OPINION: Cabin laptop ban is selective, ineffective

Just two hours before the UK parliament became the scene of an armed assault and counter-­terrorism ­operation, the transport secretary had been inside, fending off awkward questions about ­weaknesses in new enhanced security measures for airline passengers.

Contradictory logic is rife in the aviation security game. The passenger with a pocket-knife will have the instrument confiscated before being allowed to board. If the passenger is not considered a threat, there is no reason to remove the knife. If they are, then letting them board, with or without the knife, is a security risk.

Pilots endure X-ray screening and other invasive checks before being handed complete access to the ­aircraft’s controls. And perfectly-safe aircraft divert after a phoned-in threat, not because its passengers are in danger but because the charade is necessary to avoid escalation down the line.

Unsurprising, then, that some of the reasoning behind the latest US and UK measures appears to border on the ludicrous.

Asset Image


Concealment of explosives inside consumer items is a legitimate concern, borne out by the laptop bomb detonated on an Airbus last year and the interception of devices fitted inside printer cartridges, which were carried on freighter aircraft, in 2010.

But the selective ban by the UK and US governments is at best inconsistent and at worst ineffective.

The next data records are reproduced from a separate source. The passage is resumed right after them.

lemma polytope_ray_step:
  fixes a :: "nat \<Rightarrow> 'a \<Rightarrow> real"
  assumes S: "S = {v. supp_in I v \<and> (\<forall>k<K. b k \<le> (\<Sum>c\<in>I. a k c * v c))}" and P: "polytope_in I S"
    and p: "p \<in> S" and w: "supp_in I w" "w c0 \<noteq> 0"
    and tight: "\<forall>k<K. (\<Sum>c\<in>I. a k c * p c) = b k \<longrightarrow> (\<Sum>c\<in>I. a k c * w c) = 0"
  obtains t where "0 < t" "(\<lambda>c. p c + t * w c) \<in> S"
    "card {k\<in>{..<K}. b k < (\<Sum>c\<in>I. a k c * (p c + t * w c))}
       < card {k\<in>{..<K}. b k < (\<Sum>c\<in>I. a k c * p c)}"
proof -
  define lhs where "lhs k v = (\<Sum>c\<in>I. a k c * v c)" for k v
  have lhs_ray: "(\<Sum>c\<in>I. a k c * (p c + t * w c)) = lhs k p + t * lhs k w" for k t
    unfolding lhs_def using sum_mult_lin_comb[where a = "a k" and \<alpha> = 1 and x = p and \<beta> = t and y = w] by simp
  have ray: "(\<lambda>c. p c + t * w c) \<in> S \<longleftrightarrow> (\<forall>k<K. b k \<le> lhs k p + t * lhs k w)" for t
    using p w(1) unfolding S by (simp add: lhs_ray supp_in_def)
  have p_feas: "\<forall>k\<in>{..<K}. b k \<le> lhs k p" using p unfolding S lhs_def by simp
  have "\<exists>k\<in>{..<K}. lhs k w < 0"
  proof (rule ccontr)
    assume "\<not> ?thesis"
    then have "(\<lambda>c. p c + t * w c) \<in> S" if "0 \<le> t" for t
      using p_feas that unfolding ray by (auto simp: not_less intro!: add_increasing2 mult_nonneg_nonneg)
    then show False using polytope_in_no_ray[OF P p, of w c0, OF w(2)] by blast
  qed
  moreover have "\<forall>k\<in>{..<K}. lhs k p = b k \<longrightarrow> lhs k w = 0" using tight unfolding lhs_def by simp
  ultimately obtain t where t: "t > 0" "\<forall>k\<in>{..<K}. b k \<le> lhs k p + t * lhs k w"
    "{k\<in>{..<K}. b k < lhs k p + t * lhs k w} \<subset> {k\<in>{..<K}. b k < lhs k p}"
    using ray_exit_step[of "{..<K}" b "\<lambda>k. lhs k p" "\<lambda>k. lhs k w"] p_feas by auto
  show ?thesis
  proof (rule that)
    show "0 < t" "(\<lambda>c. p c + t * w c) \<in> S" using t(1,2) ray by simp_all
    show "card {k\<in>{..<K}. b k < (\<Sum>c\<in>I. a k c * (p c + t * w c))}
        < card {k\<in>{..<K}. b k < (\<Sum>c\<in>I. a k c * p c)}"
      using t(3) unfolding lhs_ray unfolding lhs_def by (intro psubset_card_mono) auto
  qed
qed

lemma polytope_non_vertex_split:
  fixes I :: "'a set" and K :: nat and a :: "nat \<Rightarrow> 'a \<Rightarrow> real" and b :: "nat \<Rightarrow> real"
  defines "slack v \<equiv> card {k\<in>{..<K}. b k < (\<Sum>c\<in>I. a k c * v c)}"
  assumes S: "S = {v. supp_in I v \<and> (\<forall>k<K. b k \<le> (\<Sum>c\<in>I. a k c * v c))}" and P: "polytope_in I S"
    and p: "p \<in> S" and not_vertex: "\<not> is_vertex p S"
  obtains p1 p2 \<mu> where "p1 \<in> S" "p2 \<in> S" "slack p1 < slack p" "slack p2 < slack p"
    "0 \<le> \<mu>" "\<mu> \<le> 1" "p = (\<lambda>c. (1 - \<mu>) * p1 c + \<mu> * p2 c)"
proof -
  obtain x y \<theta> where xy: "x \<in> S" "y \<in> S" "x \<noteq> y" "0 < \<theta>" "\<theta> < 1"
    and p_eq: "p = (\<lambda>c. (1 - \<theta>) * x c + \<theta> * y c)"
    using p not_vertex unfolding is_vertex_def by blast
  define w1 where "w1 c = y c - x c" for c
  define w2 where "w2 c = x c - y c" for c
  obtain c0 where c0: "w1 c0 \<noteq> 0" "w2 c0 \<noteq> 0" using xy(3) unfolding w1_def w2_def by fastforce
  have supp: "supp_in I w1" "supp_in I w2" using xy(1,2) unfolding S supp_in_def w1_def w2_def by auto
  have tight: "(\<Sum>c\<in>I. a k c * w1 c) = 0 \<and> (\<Sum>c\<in>I. a k c * w2 c) = 0"
    if "k < K" "(\<Sum>c\<in>I. a k c * p c) = b k" for k
  proof -
    have "(1 - \<theta>) * (\<Sum>c\<in>I. a k c * x c) + \<theta> * (\<Sum>c\<in>I. a k c * y c) = b k"
      using that(2) unfolding p_eq sum_mult_lin_comb .
    then have "(\<Sum>c\<in>I. a k c * x c) = b k" "(\<Sum>c\<in>I. a k c * y c) = b k"
      using convex_comb_eq_lower_bound xy that(1) unfolding S by auto
    then show ?thesis
      using sum_mult_lin_comb[where a = "a k" and \<alpha> = 1 and x = y and \<beta> = "-1" and y = x]
        sum_mult_lin_comb[where a = "a k" and \<alpha> = 1 and x = x and \<beta> = "-1" and y = y]
      unfolding w1_def w2_def by simp
  qed
  obtain t1 where t1: "0 < t1" "(\<lambda>c. p c + t1 * w1 c) \<in> S" "slack (\<lambda>c. p c + t1 * w1 c) < slack p"
    unfolding slack_def by (rule polytope_ray_step[OF S P p supp(1) c0(1)]) (use tight in auto)
  obtain t2 where t2: "0 < t2" "(\<lambda>c. p c + t2 * w2 c) \<in> S" "slack (\<lambda>c. p c + t2 * w2 c) < slack p"
    unfolding slack_def by (rule polytope_ray_step[OF S P p supp(2) c0(2)]) (use tight in auto)
  define \<mu> where "\<mu> = t1 / (t1 + t2)"
  have "(1 - \<mu>) * t1 - \<mu> * t2 = 0" using t1(1) t2(1) unfolding \<mu>_def by (simp add: field_simps)
  moreover have "(1 - \<mu>) * (p c + t1 * w1 c) + \<mu> * (p c + t2 * w2 c)
      = p c + ((1 - \<mu>) * t1 - \<mu> * t2) * w1 c" for c
    unfolding w1_def w2_def by (simp add: algebra_simps)
  ultimately have "p = (\<lambda>c. (1 - \<mu>) * (p c + t1 * w1 c) + \<mu> * (p c + t2 * w2 c))"
    by simp
  moreover have "0 \<le> \<mu>" "\<mu> \<le> 1" using t1(1) t2(1) unfolding \<mu>_def by simp_all
  ultimately show ?thesis by (intro that[OF t1(2) t2(2) t1(3) t2(3)])
qed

From the outset there was an extraordinary mismatch over the types of device considered a threat, and the countries involved. Absence of the United Arab Emirates and Qatar from the UK list will inevitably spark accusations of underhanded retribution against Gulf airlines by the US government.

Limited application to US- and UK-bound flights places the onus for application on gate security, rather than central screening, and the procedures for dealing with a prohibited laptop at the gate – bearing in mind that it must, by definition, be treated as a bomb – ­apparently involve loading it on the aircraft anyway.

Transferring electronic devices to the hold also contradicts the rationale that equipment powered by lithium batteries should stay in the cabin, to reduce the risk of fire – not to mention the complicating fact that such devices, like otherwise-banned liquids, might have been purchased in airside outlets.

Even airports not directly featuring on the lists drawn up by the US and UK governments will have to adjust to the regime to account for transfer and stopover passengers.

Undeniable requirements for discretion in matters relating to intelligence and security provide an all-­covering carpet under which anything tricky to explain can be swept, using nothing more than vague references to secrecy as a broom. But public confidence in such measures is also essential, and gaps in the logic will do little to reinforce it.